● **Try it**: All entries below are to be copied precisely as they appear.
# # # #
(* Let $\hat{A}\in\{0,1\}^{n\times n}$ be symmetric with exactly $m$ non-zero entries and no zero row, $d_i=\sum_j\hat{A}_{ij}$. Let $\overline{F}_1,\dots,\overline{F}_\gamma\in\mathbb{R}^{n\times n}$ be symmetric block matrices, where $\overline{F}_t$ is constant on each block $B\times B'$ with $B,B'$ parts of a partition $\mathcal{B}_t$ of $V=\{1,\dots,n\}$. Let $b$ be the greatest lower bound (common refinement) of $\mathcal{B}_1,\dots,\mathcal{B}_\gamma$, i.e. the partition whose parts are the nonempty intersections $P_1\cap\dots\cap P_\gamma$ with $P_t\in\mathcal{B}_t$, and let $|b|$ be its number of parts. Set $c_t=\sum_{a,b'}(\overline{F}_t)_{ab'}\hat{A}_{ab'}$ and $$L(\lambda_1,\dots,\lambda_n,\mu_1,\dots,\mu_\gamma)=\sum_{a,b'}\log\Bigl(1+\exp\bigl(\lambda_a+\textstyle\sum_{t=1}^\gamma\mu_t(\overline{F}_t)_{ab'}\bigr)\Bigr)-\sum_a d_a\lambda_a-\sum_{t=1}^\gamma c_t\mu_t .$$ Let $W$ be the subspace of parameter vectors with $\lambda_a=\lambda_{a'}$ whenever $a,a'$ lie in the same part of $b$ and $d_a=d_{a'}$. Then $\dim W\le\sqrt{2|b|m}+\gamma$, $\inf_W L=\inf L$, and every minimizer of $L$ on $W$ is a global minimizer of $L$.
   Context: This is the MaxEnt Lagrange dual with one constraint per node degree (feature matrix with ones in row $a$, multiplier $\lambda_a$) and one global constraint per block-approximated feature matrix $\overline{F}_t$ (multiplier $\mu_t$). A partition $\mathcal{B}$ refines $\mathcal{B}'$ if each part of $\mathcal{B}$ is contained in a part of $\mathcal{B}'$; the greatest lower bound of a set of partitions is their coarsest common refinement. *)

theory Defs
  imports "HOL-Analysis.Analysis" "HOL-Library.Disjoint_Sets" "HOL-Library.Function_Algebras"
begin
# # # #
● **Result of the task**:
(* Let $\hat{A}\in\{0,1\}^{n\times n}$ be symmetric with exactly $m$ non-zero entries and no zero row, $d_i=\sum_j\hat{A}_{ij}$. Let $\overline{F}_1,\dots,\overline{F}_\gamma\in\mathbb{R}^{n\times n}$ be symmetric block matrices, where $\overline{F}_t$ is constant on each block $B\times B'$ with $B,B'$ parts of a partition $\mathcal{B}_t$ of $V=\{1,\dots,n\}$. Let $b$ be the greatest lower bound (common refinement) of $\mathcal{B}_1,\dots,\mathcal{B}_\gamma$, i.e. the partition whose parts are the nonempty intersections $P_1\cap\dots\cap P_\gamma$ with $P_t\in\mathcal{B}_t$, and let $|b|$ be its number of parts. Set $c_t=\sum_{a,b'}(\overline{F}_t)_{ab'}\hat{A}_{ab'}$ and $$L(\lambda_1,\dots,\lambda_n,\mu_1,\dots,\mu_\gamma)=\sum_{a,b'}\log\Bigl(1+\exp\bigl(\lambda_a+\textstyle\sum_{t=1}^\gamma\mu_t(\overline{F}_t)_{ab'}\bigr)\Bigr)-\sum_a d_a\lambda_a-\sum_{t=1}^\gamma c_t\mu_t .$$ Let $W$ be the subspace of parameter vectors with $\lambda_a=\lambda_{a'}$ whenever $a,a'$ lie in the same part of $b$ and $d_a=d_{a'}$. Then $\dim W\le\sqrt{2|b|m}+\gamma$, $\inf_W L=\inf L$, and every minimizer of $L$ on $W$ is a global minimizer of $L$.
   Context: This is the MaxEnt Lagrange dual with one constraint per node degree (feature matrix with ones in row $a$, multiplier $\lambda_a$) and one global constraint per block-approximated feature matrix $\overline{F}_t$ (multiplier $\mu_t$). A partition $\mathcal{B}$ refines $\mathcal{B}'$ if each part of $\mathcal{B}$ is contained in a part of $\mathcal{B}'$; the greatest lower bound of a set of partitions is their coarsest common refinement. *)

theory Defs
  imports "HOL-Analysis.Analysis" "HOL-Library.Disjoint_Sets" "HOL-Library.Function_Algebras"
begin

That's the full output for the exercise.